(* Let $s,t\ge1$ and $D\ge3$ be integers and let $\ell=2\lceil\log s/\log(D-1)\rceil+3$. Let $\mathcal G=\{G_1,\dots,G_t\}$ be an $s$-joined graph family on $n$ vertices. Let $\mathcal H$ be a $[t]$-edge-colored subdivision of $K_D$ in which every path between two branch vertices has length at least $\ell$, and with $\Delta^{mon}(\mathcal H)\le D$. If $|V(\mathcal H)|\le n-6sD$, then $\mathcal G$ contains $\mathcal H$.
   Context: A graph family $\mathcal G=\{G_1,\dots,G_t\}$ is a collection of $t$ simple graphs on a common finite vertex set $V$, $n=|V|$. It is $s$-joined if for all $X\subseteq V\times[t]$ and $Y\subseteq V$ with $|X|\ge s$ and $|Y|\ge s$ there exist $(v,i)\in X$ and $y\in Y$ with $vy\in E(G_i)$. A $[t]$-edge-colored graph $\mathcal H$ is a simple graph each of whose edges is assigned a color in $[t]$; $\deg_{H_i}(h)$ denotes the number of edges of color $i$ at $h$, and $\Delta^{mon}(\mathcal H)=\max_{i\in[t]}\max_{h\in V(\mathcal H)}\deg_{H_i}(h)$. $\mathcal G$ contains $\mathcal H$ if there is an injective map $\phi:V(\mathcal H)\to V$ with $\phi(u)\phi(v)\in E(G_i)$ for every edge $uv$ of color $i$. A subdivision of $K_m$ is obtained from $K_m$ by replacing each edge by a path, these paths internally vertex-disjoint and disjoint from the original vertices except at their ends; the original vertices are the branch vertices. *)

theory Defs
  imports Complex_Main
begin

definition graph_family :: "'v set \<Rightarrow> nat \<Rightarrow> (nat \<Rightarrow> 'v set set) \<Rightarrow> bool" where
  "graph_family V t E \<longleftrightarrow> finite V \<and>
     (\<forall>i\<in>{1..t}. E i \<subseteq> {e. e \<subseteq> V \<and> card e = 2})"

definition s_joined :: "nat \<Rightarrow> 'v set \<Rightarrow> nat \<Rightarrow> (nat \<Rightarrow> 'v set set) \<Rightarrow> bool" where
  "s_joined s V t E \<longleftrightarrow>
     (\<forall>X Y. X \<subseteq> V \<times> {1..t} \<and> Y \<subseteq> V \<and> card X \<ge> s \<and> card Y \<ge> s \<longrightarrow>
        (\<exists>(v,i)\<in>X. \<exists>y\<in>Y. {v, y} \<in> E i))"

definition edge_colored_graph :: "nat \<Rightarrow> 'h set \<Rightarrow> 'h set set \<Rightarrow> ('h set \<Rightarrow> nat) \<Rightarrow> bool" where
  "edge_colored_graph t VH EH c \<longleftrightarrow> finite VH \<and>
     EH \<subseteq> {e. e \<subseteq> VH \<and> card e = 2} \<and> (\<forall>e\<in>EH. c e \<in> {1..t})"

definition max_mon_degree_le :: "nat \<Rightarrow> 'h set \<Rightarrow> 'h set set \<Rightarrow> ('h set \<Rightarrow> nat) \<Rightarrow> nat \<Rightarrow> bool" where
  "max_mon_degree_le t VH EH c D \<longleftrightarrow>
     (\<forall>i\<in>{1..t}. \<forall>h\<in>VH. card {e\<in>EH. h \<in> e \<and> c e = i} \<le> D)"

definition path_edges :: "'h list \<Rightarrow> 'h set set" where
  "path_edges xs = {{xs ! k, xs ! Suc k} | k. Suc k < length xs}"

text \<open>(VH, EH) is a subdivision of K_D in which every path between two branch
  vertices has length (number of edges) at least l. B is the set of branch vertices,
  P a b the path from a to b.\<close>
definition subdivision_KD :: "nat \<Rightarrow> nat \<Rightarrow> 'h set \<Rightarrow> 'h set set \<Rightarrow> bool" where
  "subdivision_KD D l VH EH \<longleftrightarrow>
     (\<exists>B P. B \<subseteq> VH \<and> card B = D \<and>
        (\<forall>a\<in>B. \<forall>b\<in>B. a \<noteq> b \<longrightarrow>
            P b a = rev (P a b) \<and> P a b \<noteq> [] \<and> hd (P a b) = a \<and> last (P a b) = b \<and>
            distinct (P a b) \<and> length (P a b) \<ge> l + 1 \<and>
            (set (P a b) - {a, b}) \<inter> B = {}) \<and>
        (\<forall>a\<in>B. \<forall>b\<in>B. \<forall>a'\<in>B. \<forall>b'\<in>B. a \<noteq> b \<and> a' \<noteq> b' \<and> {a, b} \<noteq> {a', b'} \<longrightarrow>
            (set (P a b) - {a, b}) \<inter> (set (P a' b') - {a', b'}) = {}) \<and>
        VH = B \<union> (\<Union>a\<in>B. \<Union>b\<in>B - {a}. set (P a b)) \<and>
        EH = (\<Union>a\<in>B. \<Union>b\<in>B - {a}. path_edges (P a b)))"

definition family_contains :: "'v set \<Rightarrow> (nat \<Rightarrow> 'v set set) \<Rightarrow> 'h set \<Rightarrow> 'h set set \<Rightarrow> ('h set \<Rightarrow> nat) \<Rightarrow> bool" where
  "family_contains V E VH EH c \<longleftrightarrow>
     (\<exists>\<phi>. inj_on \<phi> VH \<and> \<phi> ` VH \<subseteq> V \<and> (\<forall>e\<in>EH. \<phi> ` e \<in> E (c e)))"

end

* * *

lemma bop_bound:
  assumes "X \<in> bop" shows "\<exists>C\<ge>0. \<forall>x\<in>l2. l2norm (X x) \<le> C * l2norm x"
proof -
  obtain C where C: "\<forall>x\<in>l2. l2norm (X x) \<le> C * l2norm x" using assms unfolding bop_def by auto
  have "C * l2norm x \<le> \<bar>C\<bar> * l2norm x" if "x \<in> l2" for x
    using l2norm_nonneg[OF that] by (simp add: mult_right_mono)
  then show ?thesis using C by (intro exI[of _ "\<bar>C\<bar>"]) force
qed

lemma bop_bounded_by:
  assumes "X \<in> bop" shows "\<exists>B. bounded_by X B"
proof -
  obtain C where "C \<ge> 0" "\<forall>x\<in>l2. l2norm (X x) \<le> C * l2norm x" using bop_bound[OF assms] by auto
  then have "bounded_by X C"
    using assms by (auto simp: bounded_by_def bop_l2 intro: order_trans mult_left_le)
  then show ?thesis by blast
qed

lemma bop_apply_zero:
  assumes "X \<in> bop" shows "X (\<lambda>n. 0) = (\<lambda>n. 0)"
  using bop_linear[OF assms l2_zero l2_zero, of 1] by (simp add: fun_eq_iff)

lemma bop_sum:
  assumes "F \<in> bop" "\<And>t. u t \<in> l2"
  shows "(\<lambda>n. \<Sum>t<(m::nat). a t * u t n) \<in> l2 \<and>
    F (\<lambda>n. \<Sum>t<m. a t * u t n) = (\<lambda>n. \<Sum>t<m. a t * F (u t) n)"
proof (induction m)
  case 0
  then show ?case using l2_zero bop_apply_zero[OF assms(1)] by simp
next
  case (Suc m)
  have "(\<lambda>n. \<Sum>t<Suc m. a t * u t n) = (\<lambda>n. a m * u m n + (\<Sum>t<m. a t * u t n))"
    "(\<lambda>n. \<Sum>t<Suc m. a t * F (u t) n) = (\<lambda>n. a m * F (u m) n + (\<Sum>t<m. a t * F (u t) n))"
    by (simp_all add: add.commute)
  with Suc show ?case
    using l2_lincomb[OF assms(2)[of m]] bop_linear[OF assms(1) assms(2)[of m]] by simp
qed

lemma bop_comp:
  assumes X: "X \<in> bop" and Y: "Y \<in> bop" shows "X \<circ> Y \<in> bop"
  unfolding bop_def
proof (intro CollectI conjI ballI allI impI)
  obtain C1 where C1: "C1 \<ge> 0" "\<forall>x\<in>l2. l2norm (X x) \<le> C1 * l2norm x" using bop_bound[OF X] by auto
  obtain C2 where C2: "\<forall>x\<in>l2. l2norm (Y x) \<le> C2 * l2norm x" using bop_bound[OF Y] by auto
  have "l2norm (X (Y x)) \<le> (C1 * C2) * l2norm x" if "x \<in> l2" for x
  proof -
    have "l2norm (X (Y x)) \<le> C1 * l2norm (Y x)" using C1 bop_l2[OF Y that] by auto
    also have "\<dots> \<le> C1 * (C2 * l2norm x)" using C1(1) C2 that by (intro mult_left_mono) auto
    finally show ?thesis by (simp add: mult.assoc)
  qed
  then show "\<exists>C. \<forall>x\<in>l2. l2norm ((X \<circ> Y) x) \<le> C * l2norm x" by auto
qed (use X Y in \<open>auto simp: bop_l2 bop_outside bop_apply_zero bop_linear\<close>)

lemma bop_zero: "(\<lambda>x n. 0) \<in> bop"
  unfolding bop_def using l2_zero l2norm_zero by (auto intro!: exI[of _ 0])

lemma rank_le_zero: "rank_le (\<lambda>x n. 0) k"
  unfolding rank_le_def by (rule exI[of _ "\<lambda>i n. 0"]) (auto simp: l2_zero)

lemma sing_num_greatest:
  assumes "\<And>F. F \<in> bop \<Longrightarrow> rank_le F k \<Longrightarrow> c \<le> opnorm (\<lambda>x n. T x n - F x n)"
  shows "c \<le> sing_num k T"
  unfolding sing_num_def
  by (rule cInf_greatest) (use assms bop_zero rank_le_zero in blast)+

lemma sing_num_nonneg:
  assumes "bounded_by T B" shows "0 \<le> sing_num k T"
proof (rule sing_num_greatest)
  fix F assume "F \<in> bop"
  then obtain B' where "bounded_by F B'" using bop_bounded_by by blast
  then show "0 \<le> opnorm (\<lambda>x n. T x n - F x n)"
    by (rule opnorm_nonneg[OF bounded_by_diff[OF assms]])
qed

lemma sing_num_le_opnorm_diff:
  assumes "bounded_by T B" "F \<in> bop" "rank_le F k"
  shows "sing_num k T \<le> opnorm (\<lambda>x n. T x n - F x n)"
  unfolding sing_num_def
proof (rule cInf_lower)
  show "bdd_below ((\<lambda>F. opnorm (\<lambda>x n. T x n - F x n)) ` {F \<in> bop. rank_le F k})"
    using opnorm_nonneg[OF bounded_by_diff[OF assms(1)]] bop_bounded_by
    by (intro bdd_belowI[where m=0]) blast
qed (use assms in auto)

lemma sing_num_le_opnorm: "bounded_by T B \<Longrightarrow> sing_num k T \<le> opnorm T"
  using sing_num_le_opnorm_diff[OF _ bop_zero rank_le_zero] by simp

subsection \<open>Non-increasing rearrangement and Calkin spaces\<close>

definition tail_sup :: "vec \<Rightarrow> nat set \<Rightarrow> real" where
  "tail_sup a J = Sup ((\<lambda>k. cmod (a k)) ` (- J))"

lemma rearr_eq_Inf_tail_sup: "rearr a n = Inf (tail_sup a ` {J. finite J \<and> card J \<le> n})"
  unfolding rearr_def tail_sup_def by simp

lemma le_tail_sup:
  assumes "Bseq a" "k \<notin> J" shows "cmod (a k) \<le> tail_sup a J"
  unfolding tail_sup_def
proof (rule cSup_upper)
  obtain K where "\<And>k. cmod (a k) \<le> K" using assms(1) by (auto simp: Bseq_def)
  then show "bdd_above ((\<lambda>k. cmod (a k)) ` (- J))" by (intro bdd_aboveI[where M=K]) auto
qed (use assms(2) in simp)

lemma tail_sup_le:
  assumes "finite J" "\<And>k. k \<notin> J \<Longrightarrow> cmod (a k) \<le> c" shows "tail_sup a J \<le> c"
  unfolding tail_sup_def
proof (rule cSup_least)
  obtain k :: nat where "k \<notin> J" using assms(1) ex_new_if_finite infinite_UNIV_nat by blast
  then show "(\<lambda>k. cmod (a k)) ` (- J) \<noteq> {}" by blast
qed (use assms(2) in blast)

...

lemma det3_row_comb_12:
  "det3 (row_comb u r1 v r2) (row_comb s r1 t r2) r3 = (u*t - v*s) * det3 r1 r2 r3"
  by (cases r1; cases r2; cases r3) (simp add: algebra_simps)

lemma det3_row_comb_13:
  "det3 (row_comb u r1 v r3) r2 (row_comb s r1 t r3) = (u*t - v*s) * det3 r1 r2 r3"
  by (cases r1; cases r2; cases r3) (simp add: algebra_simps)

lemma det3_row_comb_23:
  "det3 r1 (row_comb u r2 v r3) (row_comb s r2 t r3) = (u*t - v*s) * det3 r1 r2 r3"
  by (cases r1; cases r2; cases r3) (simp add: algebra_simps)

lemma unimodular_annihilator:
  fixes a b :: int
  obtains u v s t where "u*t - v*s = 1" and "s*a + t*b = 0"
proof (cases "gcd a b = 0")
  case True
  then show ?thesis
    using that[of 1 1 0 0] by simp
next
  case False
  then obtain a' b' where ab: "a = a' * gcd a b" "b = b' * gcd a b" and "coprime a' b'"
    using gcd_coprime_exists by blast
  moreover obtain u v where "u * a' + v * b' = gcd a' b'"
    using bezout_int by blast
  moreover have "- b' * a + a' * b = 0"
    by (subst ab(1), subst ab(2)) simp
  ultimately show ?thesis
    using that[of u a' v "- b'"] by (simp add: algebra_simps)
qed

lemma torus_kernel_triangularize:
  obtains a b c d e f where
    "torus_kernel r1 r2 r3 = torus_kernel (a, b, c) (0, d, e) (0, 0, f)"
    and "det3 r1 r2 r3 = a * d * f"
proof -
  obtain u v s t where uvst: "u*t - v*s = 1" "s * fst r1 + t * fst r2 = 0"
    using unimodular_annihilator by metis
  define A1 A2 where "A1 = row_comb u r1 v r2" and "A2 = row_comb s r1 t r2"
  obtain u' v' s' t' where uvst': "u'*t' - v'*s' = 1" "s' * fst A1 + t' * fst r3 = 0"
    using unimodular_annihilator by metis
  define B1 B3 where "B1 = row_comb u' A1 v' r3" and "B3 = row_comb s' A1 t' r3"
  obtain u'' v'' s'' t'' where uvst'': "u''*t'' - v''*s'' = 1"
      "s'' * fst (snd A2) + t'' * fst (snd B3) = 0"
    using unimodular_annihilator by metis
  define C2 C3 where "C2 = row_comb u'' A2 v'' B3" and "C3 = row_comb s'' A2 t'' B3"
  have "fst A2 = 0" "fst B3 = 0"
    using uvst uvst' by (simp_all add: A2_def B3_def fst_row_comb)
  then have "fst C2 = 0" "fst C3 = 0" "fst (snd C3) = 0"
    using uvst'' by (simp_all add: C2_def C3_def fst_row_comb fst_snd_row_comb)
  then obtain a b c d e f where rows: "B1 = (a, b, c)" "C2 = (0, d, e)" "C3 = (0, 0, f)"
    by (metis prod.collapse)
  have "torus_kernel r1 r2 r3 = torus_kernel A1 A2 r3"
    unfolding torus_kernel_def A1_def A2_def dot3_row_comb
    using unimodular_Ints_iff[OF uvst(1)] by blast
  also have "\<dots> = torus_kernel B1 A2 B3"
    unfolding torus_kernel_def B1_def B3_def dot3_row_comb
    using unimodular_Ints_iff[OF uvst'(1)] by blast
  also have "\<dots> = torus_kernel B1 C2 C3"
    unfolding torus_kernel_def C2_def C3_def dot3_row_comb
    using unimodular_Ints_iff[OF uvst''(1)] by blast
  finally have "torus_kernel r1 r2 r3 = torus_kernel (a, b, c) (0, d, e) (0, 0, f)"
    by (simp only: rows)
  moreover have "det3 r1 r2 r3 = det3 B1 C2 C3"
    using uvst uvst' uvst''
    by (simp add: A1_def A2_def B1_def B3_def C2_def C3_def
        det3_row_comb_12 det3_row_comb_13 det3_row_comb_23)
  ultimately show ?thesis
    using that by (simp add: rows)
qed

→ **TASK PROMPT**: Please give again the lines above between the line holding "Inf (tail_sup a" and the line holding "qed (use assms(2) in blast)", inclusive, exactly as they are and with nothing added.

→ **SOLUTION**:
lemma rearr_eq_Inf_tail_sup: "rearr a n = Inf (tail_sup a ` {J. finite J \<and> card J \<le> n})"
  unfolding rearr_def tail_sup_def by simp

lemma le_tail_sup:
  assumes "Bseq a" "k \<notin> J" shows "cmod (a k) \<le> tail_sup a J"
  unfolding tail_sup_def
proof (rule cSup_upper)
  obtain K where "\<And>k. cmod (a k) \<le> K" using assms(1) by (auto simp: Bseq_def)
  then show "bdd_above ((\<lambda>k. cmod (a k)) ` (- J))" by (intro bdd_aboveI[where M=K]) auto
qed (use assms(2) in simp)

lemma tail_sup_le:
  assumes "finite J" "\<And>k. k \<notin> J \<Longrightarrow> cmod (a k) \<le> c" shows "tail_sup a J \<le> c"
  unfolding tail_sup_def
proof (rule cSup_least)
  obtain k :: nat where "k \<notin> J" using assms(1) ex_new_if_finite infinite_UNIV_nat by blast
  then show "(\<lambda>k. cmod (a k)) ` (- J) \<noteq> {}" by blast
qed (use assms(2) in blast)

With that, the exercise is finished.